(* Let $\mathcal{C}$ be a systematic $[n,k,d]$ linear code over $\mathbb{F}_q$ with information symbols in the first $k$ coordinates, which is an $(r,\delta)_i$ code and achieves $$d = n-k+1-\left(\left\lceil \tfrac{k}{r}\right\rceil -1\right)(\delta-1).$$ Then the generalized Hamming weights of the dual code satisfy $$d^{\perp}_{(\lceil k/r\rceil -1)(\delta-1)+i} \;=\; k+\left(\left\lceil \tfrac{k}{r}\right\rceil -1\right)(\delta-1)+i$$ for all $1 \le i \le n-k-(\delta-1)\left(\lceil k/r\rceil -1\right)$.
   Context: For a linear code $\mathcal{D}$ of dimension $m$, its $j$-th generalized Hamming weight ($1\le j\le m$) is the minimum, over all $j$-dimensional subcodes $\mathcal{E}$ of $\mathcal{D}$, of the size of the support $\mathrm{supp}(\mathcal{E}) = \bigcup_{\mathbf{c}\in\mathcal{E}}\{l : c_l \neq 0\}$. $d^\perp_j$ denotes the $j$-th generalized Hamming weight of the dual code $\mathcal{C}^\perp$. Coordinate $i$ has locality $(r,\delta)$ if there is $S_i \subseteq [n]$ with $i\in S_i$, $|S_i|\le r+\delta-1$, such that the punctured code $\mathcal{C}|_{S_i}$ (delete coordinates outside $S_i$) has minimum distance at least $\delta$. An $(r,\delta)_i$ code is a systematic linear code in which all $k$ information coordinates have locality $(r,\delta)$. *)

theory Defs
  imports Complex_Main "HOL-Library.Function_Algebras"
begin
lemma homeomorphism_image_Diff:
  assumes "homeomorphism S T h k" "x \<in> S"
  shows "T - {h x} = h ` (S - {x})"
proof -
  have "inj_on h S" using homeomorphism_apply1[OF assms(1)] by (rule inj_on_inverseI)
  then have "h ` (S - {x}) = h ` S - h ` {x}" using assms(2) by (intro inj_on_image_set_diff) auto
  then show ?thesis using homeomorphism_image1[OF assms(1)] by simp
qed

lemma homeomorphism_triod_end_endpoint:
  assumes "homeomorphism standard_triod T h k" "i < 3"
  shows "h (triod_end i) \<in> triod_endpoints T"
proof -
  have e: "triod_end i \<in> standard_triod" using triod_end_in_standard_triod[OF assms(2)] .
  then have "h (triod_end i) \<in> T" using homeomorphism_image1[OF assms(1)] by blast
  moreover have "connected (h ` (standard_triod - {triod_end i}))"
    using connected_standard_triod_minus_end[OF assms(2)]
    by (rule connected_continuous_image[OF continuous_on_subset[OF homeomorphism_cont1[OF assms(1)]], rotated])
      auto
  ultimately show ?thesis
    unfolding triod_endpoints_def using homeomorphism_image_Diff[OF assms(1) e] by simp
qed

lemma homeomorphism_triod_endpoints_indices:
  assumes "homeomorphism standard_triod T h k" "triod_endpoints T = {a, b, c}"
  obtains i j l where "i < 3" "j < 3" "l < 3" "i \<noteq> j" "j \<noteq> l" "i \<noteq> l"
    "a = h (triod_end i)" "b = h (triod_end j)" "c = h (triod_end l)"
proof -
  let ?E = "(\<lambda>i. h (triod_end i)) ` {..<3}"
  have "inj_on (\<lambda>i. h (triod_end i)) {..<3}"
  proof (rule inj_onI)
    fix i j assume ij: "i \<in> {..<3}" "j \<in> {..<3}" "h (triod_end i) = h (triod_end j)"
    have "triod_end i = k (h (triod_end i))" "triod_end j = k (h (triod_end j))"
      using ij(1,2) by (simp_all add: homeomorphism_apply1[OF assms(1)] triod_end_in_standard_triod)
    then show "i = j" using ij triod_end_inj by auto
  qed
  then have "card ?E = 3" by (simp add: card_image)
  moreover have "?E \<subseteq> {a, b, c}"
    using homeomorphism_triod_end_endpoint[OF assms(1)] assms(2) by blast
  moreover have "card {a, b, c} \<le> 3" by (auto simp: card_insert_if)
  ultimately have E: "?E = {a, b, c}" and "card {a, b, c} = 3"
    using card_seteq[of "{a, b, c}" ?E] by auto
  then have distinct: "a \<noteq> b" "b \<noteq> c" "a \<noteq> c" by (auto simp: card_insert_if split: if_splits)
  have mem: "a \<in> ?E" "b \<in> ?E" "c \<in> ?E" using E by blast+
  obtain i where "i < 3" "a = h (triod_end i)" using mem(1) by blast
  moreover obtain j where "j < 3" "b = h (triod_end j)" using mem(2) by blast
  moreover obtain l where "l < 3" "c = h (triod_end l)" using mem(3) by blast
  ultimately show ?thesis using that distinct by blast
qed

□ □ □ □ □ □ □

## WHAT THE TASK REQUIRES
Exactly what appears above must be set down again in full.

## OUTPUT BELOW
(* Let $\mathcal{C}$ be a systematic $[n,k,d]$ linear code over $\mathbb{F}_q$ with information symbols in the first $k$ coordinates, which is an $(r,\delta)_i$ code and achieves $$d = n-k+1-\left(\left\lceil \tfrac{k}{r}\right\rceil -1\right)(\delta-1).$$ Then the generalized Hamming weights of the dual code satisfy $$d^{\perp}_{(\lceil k/r\rceil -1)(\delta-1)+i} \;=\; k+\left(\left\lceil \tfrac{k}{r}\right\rceil -1\right)(\delta-1)+i$$ for all $1 \le i \le n-k-(\delta-1)\left(\lceil k/r\rceil -1\right)$.
   Context: For a linear code $\mathcal{D}$ of dimension $m$, its $j$-th generalized Hamming weight ($1\le j\le m$) is the minimum, over all $j$-dimensional subcodes $\mathcal{E}$ of $\mathcal{D}$, of the size of the support $\mathrm{supp}(\mathcal{E}) = \bigcup_{\mathbf{c}\in\mathcal{E}}\{l : c_l \neq 0\}$. $d^\perp_j$ denotes the $j$-th generalized Hamming weight of the dual code $\mathcal{C}^\perp$. Coordinate $i$ has locality $(r,\delta)$ if there is $S_i \subseteq [n]$ with $i\in S_i$, $|S_i|\le r+\delta-1$, such that the punctured code $\mathcal{C}|_{S_i}$ (delete coordinates outside $S_i$) has minimum distance at least $\delta$. An $(r,\delta)_i$ code is a systematic linear code in which all $k$ information coordinates have locality $(r,\delta)$. *)

theory Defs
  imports Complex_Main "HOL-Library.Function_Algebras"
begin
lemma homeomorphism_image_Diff:
  assumes "homeomorphism S T h k" "x \<in> S"
  shows "T - {h x} = h ` (S - {x})"
proof -
  have "inj_on h S" using homeomorphism_apply1[OF assms(1)] by (rule inj_on_inverseI)
  then have "h ` (S - {x}) = h ` S - h ` {x}" using assms(2) by (intro inj_on_image_set_diff) auto
  then show ?thesis using homeomorphism_image1[OF assms(1)] by simp
qed

lemma homeomorphism_triod_end_endpoint:
  assumes "homeomorphism standard_triod T h k" "i < 3"
  shows "h (triod_end i) \<in> triod_endpoints T"
proof -
  have e: "triod_end i \<in> standard_triod" using triod_end_in_standard_triod[OF assms(2)] .
  then have "h (triod_end i) \<in> T" using homeomorphism_image1[OF assms(1)] by blast
  moreover have "connected (h ` (standard_triod - {triod_end i}))"
    using connected_standard_triod_minus_end[OF assms(2)]
    by (rule connected_continuous_image[OF continuous_on_subset[OF homeomorphism_cont1[OF assms(1)]], rotated])
      auto
  ultimately show ?thesis
    unfolding triod_endpoints_def using homeomorphism_image_Diff[OF assms(1) e] by simp
qed

lemma homeomorphism_triod_endpoints_indices:
  assumes "homeomorphism standard_triod T h k" "triod_endpoints T = {a, b, c}"
  obtains i j l where "i < 3" "j < 3" "l < 3" "i \<noteq> j" "j \<noteq> l" "i \<noteq> l"
    "a = h (triod_end i)" "b = h (triod_end j)" "c = h (triod_end l)"
proof -
  let ?E = "(\<lambda>i. h (triod_end i)) ` {..<3}"
  have "inj_on (\<lambda>i. h (triod_end i)) {..<3}"
  proof (rule inj_onI)
    fix i j assume ij: "i \<in> {..<3}" "j \<in> {..<3}" "h (triod_end i) = h (triod_end j)"
    have "triod_end i = k (h (triod_end i))" "triod_end j = k (h (triod_end j))"
      using ij(1,2) by (simp_all add: homeomorphism_apply1[OF assms(1)] triod_end_in_standard_triod)
    then show "i = j" using ij triod_end_inj by auto
  qed
  then have "card ?E = 3" by (simp add: card_image)
  moreover have "?E \<subseteq> {a, b, c}"
    using homeomorphism_triod_end_endpoint[OF assms(1)] assms(2) by blast
  moreover have "card {a, b, c} \<le> 3" by (auto simp: card_insert_if)
  ultimately have E: "?E = {a, b, c}" and "card {a, b, c} = 3"
    using card_seteq[of "{a, b, c}" ?E] by auto
  then have distinct: "a \<noteq> b" "b \<noteq> c" "a \<noteq> c" by (auto simp: card_insert_if split: if_splits)
  have mem: "a \<in> ?E" "b \<in> ?E" "c \<in> ?E" using E by blast+
  obtain i where "i < 3" "a = h (triod_end i)" using mem(1) by blast
  moreover obtain j where "j < 3" "b = h (triod_end j)" using mem(2) by blast
  moreover obtain l where "l < 3" "c = h (triod_end l)" using mem(3) by blast
  ultimately show ?thesis using that distinct by blast
qed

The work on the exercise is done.